Customer Interface ScreenshotWho and how applies?
We have some interesting case studies. Unfortunately, I can’t mention the names of the companies, for now:
- One commercial company, often doing financial transactions, backs up our Oracle.
- A large state-owned company keeps backups of virtual machines from its “cloud”.
- The insurance company is testing the solution as the main backup.
Why is it safe and convenient?
- Remote storage . This thing is far from the main infrastructure (maybe in another machine building, in another data center (if the infrastructure is connected to our data center), that is, at least, not where combat vehicles are deployed). This is a significant reduction in the risk of losing all information at once.
- Data is stored on disk . EMC Avamar is not a traditional tape library used in such cases, but a disk array, that is, data integrity is higher.

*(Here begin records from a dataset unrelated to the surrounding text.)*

lemma fun_subspace_kspan: "fun_subspace (kspan k)"
  unfolding fun_subspace_def
proof (intro conjI ballI allI)
  show "(\<lambda>_. 0) \<in> kspan k"
    unfolding kspan_def by (intro CollectI exI[of _ "{}"]) auto
next
  fix h h' assume "h \<in> kspan k" "h' \<in> kspan k"
  then obtain F c G d where "finite F" "h = (\<lambda>y. \<Sum>x\<in>F. c x * k x y)"
    and "finite G" "h' = (\<lambda>y. \<Sum>x\<in>G. d x * k x y)"
    unfolding kspan_def by blast
  then show "(\<lambda>y. h y + h' y) \<in> kspan k"
    unfolding kspan_def by (auto simp: sum_combination_add)
next
  fix a h assume "h \<in> kspan k"
  then obtain F c where "finite F" "h = (\<lambda>y. \<Sum>x\<in>F. c x * k x y)"
    unfolding kspan_def by blast
  then show "(\<lambda>y. a * h y) \<in> kspan k"
    unfolding kspan_def
    by (intro CollectI exI[of _ F] exI[of _ "\<lambda>x. a * c x"]) (simp add: sum_distrib_left mult.assoc)
qed

lemma kernel_combination_transfer:
  fixes k :: "'x \<Rightarrow> 'x \<Rightarrow> complex" and m :: "'x \<Rightarrow> 'y \<Rightarrow> complex"
  assumes li: "kernel_lin_indep k" and F: "finite F" and G: "finite G"
    and eq: "(\<lambda>y. \<Sum>x\<in>F. c x * k x y) = (\<lambda>y. \<Sum>x\<in>G. d x * k x y)"
  shows "(\<lambda>y. \<Sum>x\<in>F. c x * m x y) = (\<lambda>y. \<Sum>x\<in>G. d x * m x y)"
proof -
  define e where "e x = (if x \<in> F then c x else 0) + (if x \<in> G then - d x else 0)" for x
  have diff: "(\<Sum>x\<in>F. c x * n x) - (\<Sum>x\<in>G. d x * n x) = (\<Sum>x\<in>F \<union> G. e x * n x)"
    for n :: "'x \<Rightarrow> complex"
    using sum_combination_add[OF F G, of c n "\<lambda>x. - d x"]
    unfolding e_def by (simp add: sum_negf)
  have "(\<Sum>x\<in>F \<union> G. e x * k x y) = 0" for y
    using fun_cong[OF eq, of y] diff[of "\<lambda>x. k x y"] by simp
  then have "\<forall>x\<in>F \<union> G. e x = 0"
    using li[unfolded kernel_lin_indep_def, rule_format, of "F \<union> G" e] F G by simp
  then have "(\<Sum>x\<in>F. c x * m x y) - (\<Sum>x\<in>G. d x * m x y) = 0" for y
    using diff[of "\<lambda>x. m x y"] by simp
  then show ?thesis by auto
qed

definition kernel_extension ::
  "('x \<Rightarrow> 'x \<Rightarrow> complex) \<Rightarrow> ('x \<Rightarrow> 'x \<Rightarrow> complex) \<Rightarrow> ('x \<Rightarrow> complex) \<Rightarrow> ('x \<Rightarrow> complex)" where
  "kernel_extension k m h = (SOME h'. \<exists>F c. finite F \<and>
     h = (\<lambda>y. \<Sum>x\<in>F. c x * k x y) \<and> h' = (\<lambda>y. \<Sum>x\<in>F. c x * m x y))"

- It is sold as a pay-per-use service , that is, by the gigabyte for the storage. At the end of the month, unloading is done according to the volume of data in the customer’s account - the amount to be paid is obtained. This is a “cloud approach” and it is convenient: capital costs are moving to operational ones.
- Technical support is outsourced . And this is the normal support of the integrator: not the “FAQ-line”, but a full-fledged solution of the working issues before the result.
So, if you need a reliable backup, come to
us , we have EMC Avamar and cookies.